Explaining why he was not jailing Sewart, a mother of two from Bolton, for her contempt, Lord Judge said it would not have occurred if Fraill had not taken the initiative and contacted her.
“She responded to the contact made by Fraill in the euphoria of her own acquittal and release from custody, at the same time knowing perfectly well that her contact was a juror and that conversation about the case was prohibited.”
She did not attempt to influence Fraill’s thinking “but rather went along with her comments”.
A “further significant feature” of the case was that Sewart had spent 14 months in custody awaiting a trial at which she was subsequently acquitted.
She was arrested when her daughter was 10 months old, and she was separated from her for 14 months.
When the baby went to live with her grandmother, she unsurprisingly began to treat her grandmother as her mother, and the bond between mother and baby had to be rebuilt.
If Sewart’s jail sentence for contempt was not suspended, mother and child would once again be separated, said the judge.
“We do not believe that the administration of justice needs further vindication by the imposition of a custodial order which, by taking immediate effect, would once again separate them.”
The court imposed a two-month prison sentence, but suspended it for two years.
Fraill’s solicitor, Damian Wall, said after the hearing that his client was “deeply sorry”.
“Mrs Fraill is deeply sorry for her actions that led to these proceedings,” said Mr Wall.
“Her remorse was evident to the court and reflected in the judgment. She is totally devastated at what has happened, and deeply regrets the impact her actions have had, and will continue to have, upon her family.

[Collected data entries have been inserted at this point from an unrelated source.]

definition diag_space :: "('a::field \<times> 'a) list \<Rightarrow> 'a ssq_space" where
  "diag_space L = \<lparr>sdim = length L,
     sq = (\<lambda>x. \<Sum>i<length L. fst (L ! i) * (x i * x i)),
     sq' = (\<lambda>\<phi>. \<Sum>i<length L. snd (L ! i) * (\<phi> i * \<phi> i))\<rparr>"

lemma ts_qform_diag:
  assumes char2: "(2::'a::field) = 0"
  shows "ts_qform n (\<lambda>x. \<Sum>i<n. (a i :: 'a) * (x i * x i))"
  unfolding ts_qform_def
  by (simp add: algebra_simps sum.distrib sum_distrib_left char2)

lemma is_ssq_diag_space: "(2::'a::field) = 0 \<Longrightarrow> is_ssq (diag_space (L :: ('a \<times> 'a) list))"
  by (simp add: is_ssq_def diag_space_def ts_qform_diag)

lemma coeff_list_diag_space: "coeff_list (diag_space L) = L"
proof (rule nth_equalityI)
  show "length (coeff_list (diag_space L)) = length L"
    by (simp add: coeff_list_def diag_space_def)
next
  fix i assume "i < length (coeff_list (diag_space L))"
  then have "i < length L" by (simp add: coeff_list_def diag_space_def)
  then show "coeff_list (diag_space L) ! i = L ! i"
    by (simp add: coeff_list_def diag_space_def diag_coeff_def diag_coeff'_def unit_vec_def
        if_distrib cong: if_cong)
qed

lemma tens_inv_diag_space: "tens_inv (diag_space L) = gen_count L"
  by (simp add: tens_inv_def coeff_list_diag_space)

lemma onedim_eq_diag_space: "onedim a a' = diag_space [(a, a')]"
  by (simp add: onedim_def diag_space_def)

lemma diag_space_append: "diag_space (L @ L') = ssq_orth (diag_space L) (diag_space L')"
proof -
  let ?m = "length L" and ?n = "length L'"
  have "(\<Sum>i<?m + ?n. c ((L @ L') ! i) * (x i * x i)) =
      (\<Sum>i<?m. c (L ! i) * (vleft ?m x i * vleft ?m x i)) +
      (\<Sum>i<?n. c (L' ! i) * (vright ?m ?n x i * vright ?m ?n x i))" for c :: "'a \<times> 'a \<Rightarrow> 'a" and x
    unfolding sum_lessThan_add
    by (intro arg_cong2[where f = "(+)"] sum.cong) (simp_all add: nth_append vleft_def vright_def)
  from this[of fst] this[of snd] show ?thesis
    by (simp add: diag_space_def ssq_orth_def)
qed

section \<open>Spaces with the same coefficients are isometric\<close>

lemma permutation_matrix:
  assumes f: "bij_betw f {..<n} {..<n}"
  defines "M \<equiv> \<lambda>i j. if i = f j then (1::'a::field) else 0"
  shows "matapp n M x = (\<lambda>i. if i < n then x (inv_into {..<n} f i) else 0)"
    and "matdual n M \<phi> = (\<lambda>j. if j < n then \<phi> (f j) else 0)"
    and "bij_betw (matapp n M) (vecs n) (vecs n)"
proof -
  let ?g = "inv_into {..<n} f"
  have fn: "f j < n" if "j < n" for j using f that by (auto dest: bij_betwE)
  have gf: "?g (f j) = j" if "j < n" for j using f that by (simp add: bij_betw_inv_into_left)
  have fg: "f (?g i) = i" if "i < n" for i using f that by (simp add: bij_betw_inv_into_right)
  have gn: "?g i < n" if "i < n" for i
    using f that by (metis bij_betwE bij_betw_inv_into lessThan_iff)
  show app: "matapp n M x = (\<lambda>i. if i < n then x (?g i) else 0)" for x
  proof -
    have "(\<Sum>j<n. M i j * x j) = x (?g i)" if "i < n" for i
    proof -
      have "(\<Sum>j<n. M i j * x j) = (\<Sum>j<n. if f j = i then x j else 0)"
        by (intro sum.cong) (auto simp: M_def)
      also have "\<dots> = (\<Sum>j<n. if j = ?g i then x j else 0)"
        using that by (intro sum.cong) (auto simp: gf fg)
      finally show ?thesis using gn[OF that] by simp
    qed
    then show ?thesis by (simp add: matapp_def fun_eq_iff)
  qed
  show "matdual n M \<phi> = (\<lambda>j. if j < n then \<phi> (f j) else 0)"
    using fn by (simp add: matdual_def M_def fun_eq_iff if_distrib[of "\<lambda>c. c * _"] cong: if_cong)
  show "bij_betw (matapp n M) (vecs n) (vecs n)"
    by (rule bij_betw_byWitness[where f' = "\<lambda>y j. if j < n then y (f j) else 0"])
      (auto simp: app vecs_def fun_eq_iff gf fg fn gn)
qed

lemma isometric_if_same_coeffs:
  assumes S: "is_ssq (S :: 'a::field ssq_space)" and T: "is_ssq T"
    and eq: "mset (coeff_list S) = mset (coeff_list T)"
  shows "ssq_isometric S T"
proof -
  let ?n = "sdim S"
  have "length (coeff_list S) = length (coeff_list T)" using eq by (metis size_mset)
  then have n: "sdim T = ?n" by (simp add: coeff_list_def)
  obtain f where f: "bij_betw f {..<?n} {..<?n}" and fe: "\<forall>i<?n. coeff_list S ! i = coeff_list T ! f i"
    using permutation_Ex_bij[OF eq] n by (auto simp: coeff_list_def)
  have fn: "f j < ?n" if "j < ?n" for j using f that by (auto dest: bij_betwE)
  have coeff: "diag_coeff S i = diag_coeff T (f i)" "diag_coeff' S i = diag_coeff' T (f i)" if "i < ?n" for i
    using fe that fn[OF that] n by (auto simp: coeff_list_def)
  define M where "M = (\<lambda>i j. if i = f j then (1::'a) else 0)"
  note perm = permutation_matrix[OF f, where 'a = 'a, folded M_def]
  have "sq T (matapp ?n M x) = sq S x" if x: "x \<in> vecs ?n" for x
  proof -
    have "sq T (matapp ?n M x) = (\<Sum>i<?n. diag_coeff T i * (matapp ?n M x i * matapp ?n M x i))"
      using sq_diagonal[OF T] by (simp add: n matapp_in_vecs)
    also have "\<dots> = (\<Sum>i<?n. diag_coeff T i * (x (inv_into {..<?n} f i) * x (inv_into {..<?n} f i)))"
      by (intro sum.cong) (simp_all add: perm(1))
    also have "\<dots> = (\<Sum>j<?n. diag_coeff T (f j) *
        (x (inv_into {..<?n} f (f j)) * x (inv_into {..<?n} f (f j))))"
      by (rule sum.reindex_bij_betw[OF f, symmetric])
    also have "\<dots> = (\<Sum>j<?n. diag_coeff T (f j) * (x j * x j))"
      using f by (intro sum.cong) (simp_all add: bij_betw_inv_into_left)
    also have "\<dots> = sq S x" using sq_diagonal[OF S x] by (simp add: coeff)
    finally show ?thesis .
  qed
  moreover have "sq' S (matdual ?n M \<phi>) = sq' T \<phi>" if \<phi>: "\<phi> \<in> vecs ?n" for \<phi>
  proof -
    have "sq' S (matdual ?n M \<phi>) = (\<Sum>j<?n. diag_coeff' S j * (matdual ?n M \<phi> j * matdual ?n M \<phi> j))"
      by (rule sq'_diagonal[OF S matdual_in_vecs])
    also have "\<dots> = (\<Sum>j<?n. diag_coeff' T (f j) * (\<phi> (f j) * \<phi> (f j)))"
      by (intro sum.cong) (simp_all add: perm(2) coeff)
    also have "\<dots> = (\<Sum>i<?n. diag_coeff' T i * (\<phi> i * \<phi> i))"
      by (rule sum.reindex_bij_betw[OF f])
    also have "\<dots> = sq' T \<phi>"
      using sq'_diagonal[OF T] \<phi> n by simp
    finally show ?thesis .
  qed
  ultimately show ?thesis
    using n perm(3) by (auto simp: ssq_isometric_def)
qed

section \<open>The defining relations of the tensor product are metabolic\<close>

lemma is_subspace_line:
  assumes "w \<in> vecs n"
  shows "is_subspace n (range (\<lambda>t i. t * w i))"
  unfolding is_subspace_def
proof (intro conjI ballI allI)
  show "range (\<lambda>t i. t * w i) \<subseteq> vecs n" using assms by (auto simp: vecs_def)
  show "(\<lambda>i. 0) \<in> range (\<lambda>t i. t * w i)" by (rule range_eqI[where x = 0]) simp
next
  fix x y assume "x \<in> range (\<lambda>t i. t * w i)" "y \<in> range (\<lambda>t i. t * w i)"
  then obtain s t where "x = (\<lambda>i. s * w i)" "y = (\<lambda>i. t * w i)" by blast
  then show "(\<lambda>i. x i + y i) \<in> range (\<lambda>t i. t * w i)"
    by (intro range_eqI[where x = "s + t"]) (simp add: algebra_simps)
next
  fix x c assume "x \<in> range (\<lambda>t i. t * w i)"
  then obtain s where "x = (\<lambda>i. s * w i)" by blast
  then show "(\<lambda>i. c * x i) \<in> range (\<lambda>t i. t * w i)"
    by (intro range_eqI[where x = "c * s"]) (simp add: algebra_simps)
qed

lemma is_subspace_kernel: "is_subspace n {x \<in> vecs n. pairing n w x = 0}"
  by (auto simp: is_subspace_def vecs_def pairing_def algebra_simps sum.distrib
      sum_distrib_left[symmetric])

lemma metabolic_isotropic_line:
  assumes S: "is_ssq S" and w: "w \<in> vecs (sdim S)" and "sq S w = 0"
    and ann: "\<And>\<phi>. \<phi> \<in> vecs (sdim S) \<Longrightarrow> pairing (sdim S) \<phi> w = 0 \<Longrightarrow> sq' S \<phi> = 0"
  shows "ssq_metabolic S"
  unfolding ssq_metabolic_def
proof (intro exI conjI ballI)
  let ?U = "range (\<lambda>t i. t * w i)"
  show "is_subspace (sdim S) ?U" by (rule is_subspace_line[OF w])
  show "sq S u = 0" if "u \<in> ?U" for u
  proof -
    obtain t where u: "u = (\<lambda>i. t * w i)" using \<open>u \<in> ?U\<close> by blast
    have "ts_qform (sdim S) (sq S)" using S by (simp add: is_ssq_def)
    then have "sq S u = t * t * sq S w" unfolding u by (rule ts_qform_scale[OF _ w])
    then show ?thesis using \<open>sq S w = 0\<close> by simp
  qed
  show "sq' S \<phi> = 0" if \<phi>: "\<phi> \<in> annihilator (sdim S) ?U" for \<phi>
  proof (rule ann)
    show "\<phi> \<in> vecs (sdim S)" using \<phi> by (simp add: annihilator_def)
    have "w \<in> ?U" using range_eqI[of w "\<lambda>t i. t * w i" 1] by simp
    then show "pairing (sdim S) \<phi> w = 0" using \<phi> unfolding annihilator_def by blast
  qed
qed

lemma metabolic_diag_nil: "ssq_metabolic (diag_space [])"
  unfolding ssq_metabolic_def is_subspace_def
  by (rule exI[where x = "{\<lambda>i. 0}"]) (simp add: diag_space_def vecs_def)

lemma metabolic_diag_double:
  assumes char2: "(2::'a::field) = 0"
  shows "ssq_metabolic (diag_space [(a :: 'a, c), (a, c)])"
proof (rule metabolic_isotropic_line[OF is_ssq_diag_space[OF char2], where w = "\<lambda>i. if i < 2 then 1 else 0"])
  fix \<phi> :: "nat \<Rightarrow> 'a"
  assume "pairing (sdim (diag_space [(a, c), (a, c)])) \<phi> (\<lambda>i. if i < 2 then 1 else 0) = 0"
  then have "\<phi> 0 = \<phi> 1"
    by (simp add: diag_space_def pairing_def eval_nat_numeral char2_add_eq_0_iff[OF char2])
  then show "sq' (diag_space [(a, c), (a, c)]) \<phi> = 0"
    by (simp add: diag_space_def eval_nat_numeral char2_add_self[OF char2])
qed (simp_all add: diag_space_def vecs_def eval_nat_numeral char2_add_self[OF char2])

lemma metabolic_diag_add_left:
  assumes char2: "(2::'a::field) = 0"
  shows "ssq_metabolic (diag_space [(a + b :: 'a, c), (a, c), (b, c)])"
proof (rule metabolic_isotropic_line[OF is_ssq_diag_space[OF char2], where w = "\<lambda>i. if i < 3 then 1 else 0"])
  fix \<phi> :: "nat \<Rightarrow> 'a"
  assume "pairing (sdim (diag_space [(a + b, c), (a, c), (b, c)])) \<phi> (\<lambda>i. if i < 3 then 1 else 0) = 0"
  then have "\<phi> 0 + \<phi> 1 + \<phi> 2 = 0"
    by (simp add: diag_space_def pairing_def eval_nat_numeral add.assoc)
  then have "\<phi> 0 * \<phi> 0 + \<phi> 1 * \<phi> 1 + \<phi> 2 * \<phi> 2 = 0"
    by (metis char2_square_add[OF char2] mult_zero_left)
  then show "sq' (diag_space [(a + b, c), (a, c), (b, c)]) \<phi> = 0"
    by (simp add: diag_space_def eval_nat_numeral add.assoc flip: distrib_left)
qed (simp_all add: diag_space_def vecs_def eval_nat_numeral algebra_simps char2_add_self[OF char2])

“The court has heard evidence which showed that Mrs Fraill clearly struggled from the rigours of having to cope with a long and serious case.
“Mrs Fraill did not volunteer to be a juror, rather she undertook her public duty.
“She has been asked whether or not she regrets what she did, and through me she wants to say that she truly regrets what she did, and that she recognises that the role of a juror has always been, and remains, fundamental to achieving justice in each case.
“Mrs Fraill does not seek, in any way, to diminish the seriousness of her actions, rather she hopes that the example that has been set in this case will help prevent any other person undertaking jury service from behaving in the way that she did.”